• YOUR GOAL: Restrict the output to the lines below starting at the one that contains "((a \<bar>fst p\<bar>)\<^sup>2" and ending at the one that contains "by (rule integrable_subinterval_real)", and restate them word for word, both ends included.

== DATA TO PROCESS ==

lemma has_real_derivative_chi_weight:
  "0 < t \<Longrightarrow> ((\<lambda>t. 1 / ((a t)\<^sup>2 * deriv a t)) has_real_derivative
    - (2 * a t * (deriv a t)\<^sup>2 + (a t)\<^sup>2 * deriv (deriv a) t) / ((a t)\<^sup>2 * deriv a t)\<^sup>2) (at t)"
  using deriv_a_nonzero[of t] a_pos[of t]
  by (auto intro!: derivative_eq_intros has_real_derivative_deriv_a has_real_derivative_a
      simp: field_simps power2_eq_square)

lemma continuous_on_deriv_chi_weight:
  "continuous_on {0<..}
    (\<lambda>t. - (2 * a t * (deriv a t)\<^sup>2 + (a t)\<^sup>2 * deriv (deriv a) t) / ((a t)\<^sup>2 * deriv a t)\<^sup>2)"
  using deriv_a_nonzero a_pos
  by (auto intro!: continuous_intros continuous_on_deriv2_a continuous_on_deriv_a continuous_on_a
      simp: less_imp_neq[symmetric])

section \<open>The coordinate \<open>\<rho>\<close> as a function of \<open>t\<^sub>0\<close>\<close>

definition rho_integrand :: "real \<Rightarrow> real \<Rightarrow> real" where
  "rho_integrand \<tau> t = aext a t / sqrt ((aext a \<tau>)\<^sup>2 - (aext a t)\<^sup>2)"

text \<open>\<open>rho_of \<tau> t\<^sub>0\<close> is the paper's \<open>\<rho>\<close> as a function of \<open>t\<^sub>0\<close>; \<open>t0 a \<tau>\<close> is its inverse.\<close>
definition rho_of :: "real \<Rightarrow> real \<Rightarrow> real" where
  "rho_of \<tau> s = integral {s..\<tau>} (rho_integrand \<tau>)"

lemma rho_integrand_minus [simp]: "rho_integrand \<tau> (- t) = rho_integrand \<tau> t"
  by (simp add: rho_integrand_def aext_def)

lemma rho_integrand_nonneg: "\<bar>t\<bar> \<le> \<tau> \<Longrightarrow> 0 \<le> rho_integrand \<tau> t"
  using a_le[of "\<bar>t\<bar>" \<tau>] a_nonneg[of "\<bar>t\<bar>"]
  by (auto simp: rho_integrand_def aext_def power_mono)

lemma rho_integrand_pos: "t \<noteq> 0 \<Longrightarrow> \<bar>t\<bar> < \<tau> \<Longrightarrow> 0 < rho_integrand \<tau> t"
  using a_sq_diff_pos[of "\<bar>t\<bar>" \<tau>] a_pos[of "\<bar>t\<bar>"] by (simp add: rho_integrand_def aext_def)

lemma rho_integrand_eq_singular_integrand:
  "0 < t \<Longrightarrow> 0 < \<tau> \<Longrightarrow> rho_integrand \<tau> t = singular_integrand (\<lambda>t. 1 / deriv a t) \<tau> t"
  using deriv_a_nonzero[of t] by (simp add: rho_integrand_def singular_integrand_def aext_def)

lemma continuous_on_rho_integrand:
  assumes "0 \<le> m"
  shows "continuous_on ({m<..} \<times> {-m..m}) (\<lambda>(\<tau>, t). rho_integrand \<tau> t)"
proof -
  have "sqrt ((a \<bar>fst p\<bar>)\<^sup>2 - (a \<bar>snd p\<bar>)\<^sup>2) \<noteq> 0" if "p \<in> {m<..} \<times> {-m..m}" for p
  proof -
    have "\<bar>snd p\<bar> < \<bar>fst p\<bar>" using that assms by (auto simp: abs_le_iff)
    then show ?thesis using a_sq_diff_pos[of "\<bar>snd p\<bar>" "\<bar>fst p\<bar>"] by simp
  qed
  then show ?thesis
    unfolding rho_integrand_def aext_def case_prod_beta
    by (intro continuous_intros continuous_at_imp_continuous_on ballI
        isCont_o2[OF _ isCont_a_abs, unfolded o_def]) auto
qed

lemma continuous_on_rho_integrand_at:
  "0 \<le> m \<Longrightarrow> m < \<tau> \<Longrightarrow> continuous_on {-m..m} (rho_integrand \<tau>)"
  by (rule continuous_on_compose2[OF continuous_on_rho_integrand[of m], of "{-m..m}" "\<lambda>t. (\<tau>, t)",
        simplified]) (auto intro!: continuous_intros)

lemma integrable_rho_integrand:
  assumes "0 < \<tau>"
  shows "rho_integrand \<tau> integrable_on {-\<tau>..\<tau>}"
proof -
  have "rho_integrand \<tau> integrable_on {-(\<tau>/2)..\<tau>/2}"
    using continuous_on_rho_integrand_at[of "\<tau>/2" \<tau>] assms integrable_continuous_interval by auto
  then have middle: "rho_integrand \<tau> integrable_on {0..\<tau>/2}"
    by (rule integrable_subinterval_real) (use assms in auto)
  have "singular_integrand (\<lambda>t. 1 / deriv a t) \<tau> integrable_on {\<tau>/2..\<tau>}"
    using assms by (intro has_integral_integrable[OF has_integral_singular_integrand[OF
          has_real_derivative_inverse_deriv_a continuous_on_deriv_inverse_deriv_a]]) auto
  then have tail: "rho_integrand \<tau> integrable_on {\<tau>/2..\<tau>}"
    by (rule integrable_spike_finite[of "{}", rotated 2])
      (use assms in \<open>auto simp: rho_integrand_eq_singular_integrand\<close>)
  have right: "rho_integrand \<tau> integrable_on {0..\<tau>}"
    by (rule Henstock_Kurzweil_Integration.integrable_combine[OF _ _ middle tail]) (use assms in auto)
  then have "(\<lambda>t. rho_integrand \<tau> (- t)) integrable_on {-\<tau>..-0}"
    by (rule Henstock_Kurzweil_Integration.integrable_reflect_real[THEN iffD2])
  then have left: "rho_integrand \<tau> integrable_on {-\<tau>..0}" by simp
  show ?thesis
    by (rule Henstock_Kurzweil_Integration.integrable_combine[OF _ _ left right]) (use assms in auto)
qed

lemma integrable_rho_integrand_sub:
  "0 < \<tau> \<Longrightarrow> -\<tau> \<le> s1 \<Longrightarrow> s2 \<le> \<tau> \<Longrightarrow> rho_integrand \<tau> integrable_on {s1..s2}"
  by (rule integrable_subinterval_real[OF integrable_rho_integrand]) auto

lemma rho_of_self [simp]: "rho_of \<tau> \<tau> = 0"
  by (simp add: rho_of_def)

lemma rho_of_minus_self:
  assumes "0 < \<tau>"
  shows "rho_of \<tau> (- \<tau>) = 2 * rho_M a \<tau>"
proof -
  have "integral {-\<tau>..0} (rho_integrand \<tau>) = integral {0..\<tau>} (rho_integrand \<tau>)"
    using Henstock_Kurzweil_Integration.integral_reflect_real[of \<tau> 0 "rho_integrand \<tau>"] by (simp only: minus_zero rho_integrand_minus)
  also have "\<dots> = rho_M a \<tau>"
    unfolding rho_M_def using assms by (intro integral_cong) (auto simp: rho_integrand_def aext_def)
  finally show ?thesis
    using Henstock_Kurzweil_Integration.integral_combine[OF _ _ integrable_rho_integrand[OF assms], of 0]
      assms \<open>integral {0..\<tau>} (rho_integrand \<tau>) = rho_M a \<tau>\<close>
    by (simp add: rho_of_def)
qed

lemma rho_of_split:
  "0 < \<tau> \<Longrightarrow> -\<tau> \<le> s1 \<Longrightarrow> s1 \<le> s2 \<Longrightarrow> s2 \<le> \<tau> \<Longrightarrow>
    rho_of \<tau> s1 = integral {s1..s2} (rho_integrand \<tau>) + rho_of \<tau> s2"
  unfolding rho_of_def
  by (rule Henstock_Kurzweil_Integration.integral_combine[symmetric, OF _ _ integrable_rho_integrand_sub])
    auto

===

• YOUR SOLUTION:
  have "sqrt ((a \<bar>fst p\<bar>)\<^sup>2 - (a \<bar>snd p\<bar>)\<^sup>2) \<noteq> 0" if "p \<in> {m<..} \<times> {-m..m}" for p
  proof -
    have "\<bar>snd p\<bar> < \<bar>fst p\<bar>" using that assms by (auto simp: abs_le_iff)
    then show ?thesis using a_sq_diff_pos[of "\<bar>snd p\<bar>" "\<bar>fst p\<bar>"] by simp
  qed
  then show ?thesis
    unfolding rho_integrand_def aext_def case_prod_beta
    by (intro continuous_intros continuous_at_imp_continuous_on ballI
        isCont_o2[OF _ isCont_a_abs, unfolded o_def]) auto
qed

lemma continuous_on_rho_integrand_at:
  "0 \<le> m \<Longrightarrow> m < \<tau> \<Longrightarrow> continuous_on {-m..m} (rho_integrand \<tau>)"
  by (rule continuous_on_compose2[OF continuous_on_rho_integrand[of m], of "{-m..m}" "\<lambda>t. (\<tau>, t)",
        simplified]) (auto intro!: continuous_intros)

lemma integrable_rho_integrand:
  assumes "0 < \<tau>"
  shows "rho_integrand \<tau> integrable_on {-\<tau>..\<tau>}"
proof -
  have "rho_integrand \<tau> integrable_on {-(\<tau>/2)..\<tau>/2}"
    using continuous_on_rho_integrand_at[of "\<tau>/2" \<tau>] assms integrable_continuous_interval by auto
  then have middle: "rho_integrand \<tau> integrable_on {0..\<tau>/2}"
    by (rule integrable_subinterval_real) (use assms in auto)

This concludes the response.